Check out the paper by Nielsen et al. for a description of the compiler.
We will use modeling and experimental data from the Cello v2 compiler in the form of a UCF file. Let's load it into a variable so that we can work with it.
# fetch it form this url
url = "https://github.com/CIDARLAB/Cello-UCF/raw/cfb4de1cf125a6fb5af1971730844ea5d0e91623/files/v2/ucf/Eco/Eco1C1G1T1.UCF.json"
# get & parse
response = urlopen(url)
ucf_data = json.loads(response.read())
# if stored locally use this:
#
# with open('Eco1C1G1T1.UCF.json','r') as f:
# s = f.read()
# ucf_data = json.loads(s)
And check out what is inside.
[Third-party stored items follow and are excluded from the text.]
(* Let $d\ge1$, $L\ge1$, and let $\ell:[0,1]^2\to\mathbb{R}_{\ge0}$ be continuous with $\ell(y,y)=0$ for all $y\in[0,1]$. For every sequence $(x_t)_{t\ge1}\subseteq[-1,1]^d$ and every $f^\star\in\mathcal{H}_L$ with $y_t=f^\star(x_t)$, the (deterministic) envelope strategy satisfies $\lim_{t\to\infty}\ell(\hat y_t,y_t)=0$.
   Context: $\mathcal{H}_L$ is the set of functions $h:[-1,1]^d\to[0,1]$ with $|h(x)-h(x')|\le L\|x-x'\|_\infty$. Envelope strategy: at round $t$, with past data $(x_s,y_s)_{s<t}$, define $\underline h_t(x)=\max\{0,\max_{s<t}(y_s-L\|x-x_s\|_\infty)\}$ and $\overline h_t(x)=\min\{1,\min_{s<t}(y_s+L\|x-x_s\|_\infty)\}$ (with $\max_{\emptyset}=-\infty$, $\min_\emptyset=+\infty$), and predict $\hat y_t=\frac12(\underline h_t(x_t)+\overline h_t(x_t))$. *)

theory Defs
  imports "HOL-Analysis.Analysis"
begin

text \<open>Sup-norm distance on R^d (d = CARD('d) \<ge> 1, since types are nonempty).\<close>
definition linf_dist :: "real^'d \<Rightarrow> real^'d \<Rightarrow> real" where
  "linf_dist x x' = Max (range (\<lambda>i. \<bar>x $ i - x' $ i\<bar>))"

definition cube :: "(real^'d) set" where
  "cube = {x. \<forall>i. -1 \<le> x $ i \<and> x $ i \<le> 1}"

definition lip_class :: "real \<Rightarrow> (real^'d \<Rightarrow> real) set" where
  "lip_class L = {h. (\<forall>x\<in>cube. 0 \<le> h x \<and> h x \<le> 1) \<and>
      (\<forall>x\<in>cube. \<forall>x'\<in>cube. \<bar>h x - h x'\<bar> \<le> L * linf_dist x x')}"

text \<open>Lower and upper envelopes at round t, built from the data (xs s, ys s) for s < t.
  Rounds are indexed from 0; max over the empty set is -infinity, min is +infinity.\<close>
definition lower_env :: "real \<Rightarrow> (nat \<Rightarrow> real^'d) \<Rightarrow> (nat \<Rightarrow> real) \<Rightarrow> nat \<Rightarrow> real^'d \<Rightarrow> real" where
  "lower_env L xs ys t x =
     (if t = 0 then 0 else max 0 (Max ((\<lambda>s. ys s - L * linf_dist x (xs s)) ` {..<t})))"

definition upper_env :: "real \<Rightarrow> (nat \<Rightarrow> real^'d) \<Rightarrow> (nat \<Rightarrow> real) \<Rightarrow> nat \<Rightarrow> real^'d \<Rightarrow> real" where
  "upper_env L xs ys t x =
     (if t = 0 then 1 else min 1 (Min ((\<lambda>s. ys s + L * linf_dist x (xs s)) ` {..<t})))"

definition envelope_pred :: "real \<Rightarrow> (nat \<Rightarrow> real^'d) \<Rightarrow> (nat \<Rightarrow> real) \<Rightarrow> nat \<Rightarrow> real" where
  "envelope_pred L xs ys t = (lower_env L xs ys t (xs t) + upper_env L xs ys t (xs t)) / 2"

end

theory Submission
  imports Defs
begin

text \<open>Every value the learner sees is a sample of \<open>f\<^sup>\<star>\<close>, so the Lipschitz
  property keeps \<open>f\<^sup>\<star>(x\<^sub>t)\<close> between the two envelopes, and any earlier
  point \<open>x\<^sub>s\<close> squeezes the envelopes into an interval of radius
  \<open>L \<parallel>x\<^sub>t - x\<^sub>s\<parallel>\<^sub>\<infinity>\<close> around \<open>f\<^sup>\<star>(x\<^sub>s)\<close>. Hence the
  midpoint prediction errs by at most \<open>L\<close> times the distance from \<open>x\<^sub>t\<close> to the
  nearest earlier point. Since the cube is compact, for every \<open>\<epsilon> > 0\<close> only finitely
  many points of the sequence are \<open>\<epsilon>\<close>-far from all their predecessors, so the error
  tends to zero; uniform continuity of the loss on the compact square then transfers this
  to the loss, which vanishes on the diagonal.\<close>

lemma eventually_close_to_earlier_term:
  fixes x :: "nat \<Rightarrow> 'a::heine_borel"
  assumes "bounded (range x)" and "e > 0"
  shows "\<forall>\<^sub>F t in sequentially. \<exists>s<t. dist (x t) (x s) < e"
proof -
  define far where "far = {t. \<forall>s<t. e \<le> dist (x t) (x s)}"
  have "finite far"
  proof (rule ccontr)
    assume "infinite far"
    then obtain r :: "nat \<Rightarrow> nat" where r: "strict_mono r" "\<And>n. r n \<in> far"
      using infinite_enumerate by blast
    have "bounded (range (x \<circ> r))"
      by (rule bounded_subset[OF assms(1)]) (auto simp: image_subset_iff)
    then obtain l q where q: "strict_mono q" "(x \<circ> r \<circ> q) \<longlonglongrightarrow> l"
      by (blast dest: bounded_imp_convergent_subsequence)
    then obtain N where N: "\<And>m n. N \<le> m \<Longrightarrow> N \<le> n \<Longrightarrow> dist ((x \<circ> r \<circ> q) m) ((x \<circ> r \<circ> q) n) < e"
      using LIMSEQ_imp_Cauchy[OF q(2)] \<open>e > 0\<close> unfolding Cauchy_def by blast
    have "r (q N) < r (q (Suc N))"
      using r(1) q(1) by (simp add: strict_mono_def)
    then have "e \<le> dist (x (r (q (Suc N)))) (x (r (q N)))"
      using r(2) unfolding far_def by blast
    with N[of "Suc N" N] show False by simp
  qed
  then obtain M where "\<forall>t\<in>far. t < M"
    unfolding finite_nat_set_iff_bounded by blast
  then have "t \<notin> far" if "M \<le> t" for t
    using that by auto
  then show ?thesis
    unfolding eventually_sequentially far_def by (auto simp: not_le)
qed

lemma bounded_cube: "bounded (cube :: (real^'d) set)"
proof -
  have "cube \<subseteq> cbox (- 1) (1 :: real^'d)"
    unfolding cube_def by (auto simp: mem_box_cart)
  then show ?thesis
    using bounded_cbox bounded_subset by blast
qed

lemma linf_dist_le_dist: "linf_dist x y \<le> dist x y"
  unfolding linf_dist_def dist_norm
  using component_le_norm_cart[of "x - y"] by (auto intro: Max.boundedI)

lemma lip_class_range: "f \<in> lip_class L \<Longrightarrow> x \<in> cube \<Longrightarrow> 0 \<le> f x \<and> f x \<le> 1"
  unfolding lip_class_def by blast

lemma lip_class_lipschitz:
  "f \<in> lip_class L \<Longrightarrow> x \<in> cube \<Longrightarrow> x' \<in> cube \<Longrightarrow> \<bar>f x - f x'\<bar> \<le> L * linf_dist x x'"
  unfolding lip_class_def by blast

lemma lower_env_nonneg: "0 \<le> lower_env L xs ys t x"
  unfolding lower_env_def by simp

lemma upper_env_le_one: "upper_env L xs ys t x \<le> 1"
  unfolding upper_env_def by simp

lemma lower_env_ge_sample: "s < t \<Longrightarrow> ys s - L * linf_dist x (xs s) \<le> lower_env L xs ys t x"
  unfolding lower_env_def by (auto simp: le_max_iff_disj intro!: Max_ge)

lemma upper_env_le_sample: "s < t \<Longrightarrow> upper_env L xs ys t x \<le> ys s + L * linf_dist x (xs s)"
  unfolding upper_env_def by (auto simp: min_le_iff_disj intro!: Min_le)

lemma lower_env_le_target:
  assumes "f \<in> lip_class L" and "\<forall>s. xs s \<in> cube" and "x \<in> cube"
  shows "lower_env L xs (\<lambda>s. f (xs s)) t x \<le> f x"
proof -
  have "f (xs s) - L * linf_dist x (xs s) \<le> f x" for s
    using lip_class_lipschitz[OF assms(1,3), of "xs s"] assms(2) by auto
  then show ?thesis
    using lip_class_range[OF assms(1,3)] unfolding lower_env_def by (auto intro!: Max.boundedI)
qed

lemma target_le_upper_env:
  assumes "f \<in> lip_class L" and "\<forall>s. xs s \<in> cube" and "x \<in> cube"
  shows "f x \<le> upper_env L xs (\<lambda>s. f (xs s)) t x"
proof -
  have "f x \<le> f (xs s) + L * linf_dist x (xs s)" for s
    using lip_class_lipschitz[OF assms(1,3), of "xs s"] assms(2) by auto
  then show ?thesis
    using lip_class_range[OF assms(1,3)] unfolding upper_env_def by (auto intro!: Min.boundedI)
qed

lemma envelope_pred_in_unit:
  assumes "f \<in> lip_class L" and "\<forall>s. xs s \<in> cube"
  shows "envelope_pred L xs (\<lambda>s. f (xs s)) t \<in> {0..1}"
proof -
  have "lower_env L xs (\<lambda>s. f (xs s)) t (xs t) \<le> upper_env L xs (\<lambda>s. f (xs s)) t (xs t)"
    using lower_env_le_target[OF assms] target_le_upper_env[OF assms] assms(2) by (meson order_trans)
  then show ?thesis
    using lower_env_nonneg[of L xs "\<lambda>s. f (xs s)" t "xs t"] upper_env_le_one[of L xs "\<lambda>s. f (xs s)" t "xs t"]
    unfolding envelope_pred_def by simp
qed

lemma abs_midpoint_sub_le:
  fixes a c l u y :: real
  assumes "a - c \<le> l" "u \<le> a + c" "l \<le> y" "y \<le> u"
  shows "\<bar>(l + u) / 2 - y\<bar> \<le> c"
proof -
  have "\<bar>l + u - 2 * y\<bar> \<le> 2 * c"
    using assms by (simp add: abs_le_iff)
  then show ?thesis
    by (simp add: abs_le_iff field_simps)
qed

lemma envelope_pred_error_le:
  assumes "f \<in> lip_class L" and "\<forall>s. xs s \<in> cube" and "s < t"
  shows "dist (envelope_pred L xs (\<lambda>s. f (xs s)) t) (f (xs t)) \<le> L * linf_dist (xs t) (xs s)"
  unfolding envelope_pred_def dist_real_def
  using assms(2)
  by (intro abs_midpoint_sub_le[where a = "f (xs s)"] lower_env_ge_sample upper_env_le_sample
      lower_env_le_target[OF assms(1,2)] target_le_upper_env[OF assms(1,2)] \<open>s < t\<close>) auto

lemma envelope_pred_error_tendsto_zero:
  assumes "L > 0" and "f \<in> lip_class L" and "\<forall>s. xs s \<in> cube"
  shows "(\<lambda>t. dist (envelope_pred L xs (\<lambda>s. f (xs s)) t) (f (xs t))) \<longlonglongrightarrow> 0"
proof (rule tendstoI)
  fix e :: real
  assume "e > 0"
  have "bounded (range xs)"
    using assms(3) by (blast intro: bounded_subset[OF bounded_cube])
  then have "\<forall>\<^sub>F t in sequentially. \<exists>s<t. dist (xs t) (xs s) < e / L"
    using \<open>e > 0\<close> \<open>L > 0\<close> by (intro eventually_close_to_earlier_term) auto
  then show "\<forall>\<^sub>F t in sequentially. dist (dist (envelope_pred L xs (\<lambda>s. f (xs s)) t) (f (xs t))) 0 < e"
  proof eventually_elim
    case (elim t)
    then obtain s where "s < t" and "L * dist (xs t) (xs s) < e"
      using \<open>L > 0\<close> by (auto simp: pos_less_divide_eq mult.commute)
    moreover have "L * linf_dist (xs t) (xs s) \<le> L * dist (xs t) (xs s)"
      using \<open>L > 0\<close> linf_dist_le_dist by simp
    ultimately show ?case
      using envelope_pred_error_le[OF assms(2,3)] by fastforce
  qed
qed

lemma tendsto_zero_if_vanishing_on_diagonal:
  fixes loss :: "'a::metric_space \<Rightarrow> 'a \<Rightarrow> 'b::real_normed_vector"
  assumes "compact K" and "continuous_on (K \<times> K) (\<lambda>(a, b). loss a b)"
    and "\<forall>y\<in>K. loss y y = 0"
    and "\<forall>t. p t \<in> K" and "\<forall>t. q t \<in> K"
    and "(\<lambda>t. dist (p t) (q t)) \<longlonglongrightarrow> 0"
  shows "(\<lambda>t. loss (p t) (q t)) \<longlonglongrightarrow> 0"
proof (rule tendstoI)
  fix r :: real
  assume "r > 0"
  have "uniformly_continuous_on (K \<times> K) (\<lambda>(a, b). loss a b)"
    using assms(1,2) by (intro compact_uniformly_continuous compact_Times)
  then obtain d where "d > 0" and d: "\<And>u v. u \<in> K \<times> K \<Longrightarrow> v \<in> K \<times> K \<Longrightarrow> dist v u < d \<Longrightarrow>
      dist ((\<lambda>(a, b). loss a b) v) ((\<lambda>(a, b). loss a b) u) < r"
    using \<open>r > 0\<close> unfolding uniformly_continuous_on_def by blast
  have "\<forall>\<^sub>F t in sequentially. dist (p t) (q t) < d"
    using tendstoD[OF assms(6) \<open>d > 0\<close>] by simp
  then show "\<forall>\<^sub>F t in sequentially. dist (loss (p t) (q t)) 0 < r"
  proof eventually_elim
    case (elim t)
    then have "dist (p t, q t) (q t, q t) < d"
      by (simp add: dist_Pair_Pair)
    then show ?case
      using d[of "(q t, q t)" "(p t, q t)"] assms(3-5) by auto
  qed
qed

theorem corollary1p4:
  fixes L :: real and loss :: "real \<Rightarrow> real \<Rightarrow> real"
    and xs :: "nat \<Rightarrow> real^'d" and fstar :: "real^'d \<Rightarrow> real"
  assumes "L \<ge> 1"
    and "continuous_on ({0..1} \<times> {0..1}) (\<lambda>(a, b). loss a b)"
    and "\<forall>a\<in>{0..1}. \<forall>b\<in>{0..1}. loss a b \<ge> 0"
    and "\<forall>y\<in>{0..1}. loss y y = 0"
    and "\<forall>t. xs t \<in> cube"
    and "fstar \<in> lip_class L"
  shows "(\<lambda>t. loss (envelope_pred L xs (\<lambda>s. fstar (xs s)) t) (fstar (xs t))) \<longlonglongrightarrow> 0"
proof (rule tendsto_zero_if_vanishing_on_diagonal[OF compact_Icc assms(2,4)])
  show "\<forall>t. envelope_pred L xs (\<lambda>s. fstar (xs s)) t \<in> {0..1}"
    using envelope_pred_in_unit[OF assms(6,5)] by blast
  show "\<forall>t. fstar (xs t) \<in> {0..1}"
    using lip_class_range[OF assms(6)] assms(5) by auto
  show "(\<lambda>t. dist (envelope_pred L xs (\<lambda>s. fstar (xs s)) t) (fstar (xs t))) \<longlonglongrightarrow> 0"
    using assms(1) by (intro envelope_pred_error_tendsto_zero assms(5,6)) auto
qed

end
It is a list that starts with a header that includes general information from the used bacteria to experimental conditions under which data was obtained:
print(ucf_data[0])
{'collection': 'header', 'description': 'TetR homologs: PhlF, SrpR, BM3R1, HlyIIR, BetI, AmtR, AmeR, QacR, IcaRA, LitR, PsrA, LmrA', 'version': 'Eco1C1G1T1', 'date': 'Thu Dec 24 00:56:10 EST 2015', 'author': ['Bryan Der', 'Timothy Jones'], 'organism': 'Escherichia coli NEB 10-beta', 'genome': 'NEB 10 ∆(ara-leu) 7697 araD139 fhuA ∆lacX74 galK16 galE15 e14- φ80dlacZ∆M15 recA1 relA1 endA1 nupG rpsL (StrR) rph spoT1 ∆(mrr-hsdRMS-mcrBC)', 'media': 'M9 minimal media composed of M9 media salts (6.78 g/L Na2HPO4, 3 g/L KH2PO4, 1 g/L NH4Cl, 0.5 g/L NaCl, 0.34 g/L thiamine hydrochloride, 0.4% D-glucose, 0.2% Casamino acids, 2 mM MgSO4, and 0.1 mM CaCl2; kanamycin (50 ug/ml), spectinomycin (50 ug/ml)', 'temperature': '37', 'growth': 'Inoculation: Individual colonies into M9 media, 16 hours overnight in plate shaker. Dilution: Next day, cells dilute ~200-fold into M9 media with antibiotics, growth for 3 hours. Induction: Cells diluted ~650-fold into M9 media with antibiotics. Growth: shaking incubator for 5 hours. Arrest protein production: PBS and 2mg/ml kanamycin. Measurement: flow cytometry, data processing for RPU normalization.'}
To get an overview on all the elements stored in the UCF file, let's see the collection names.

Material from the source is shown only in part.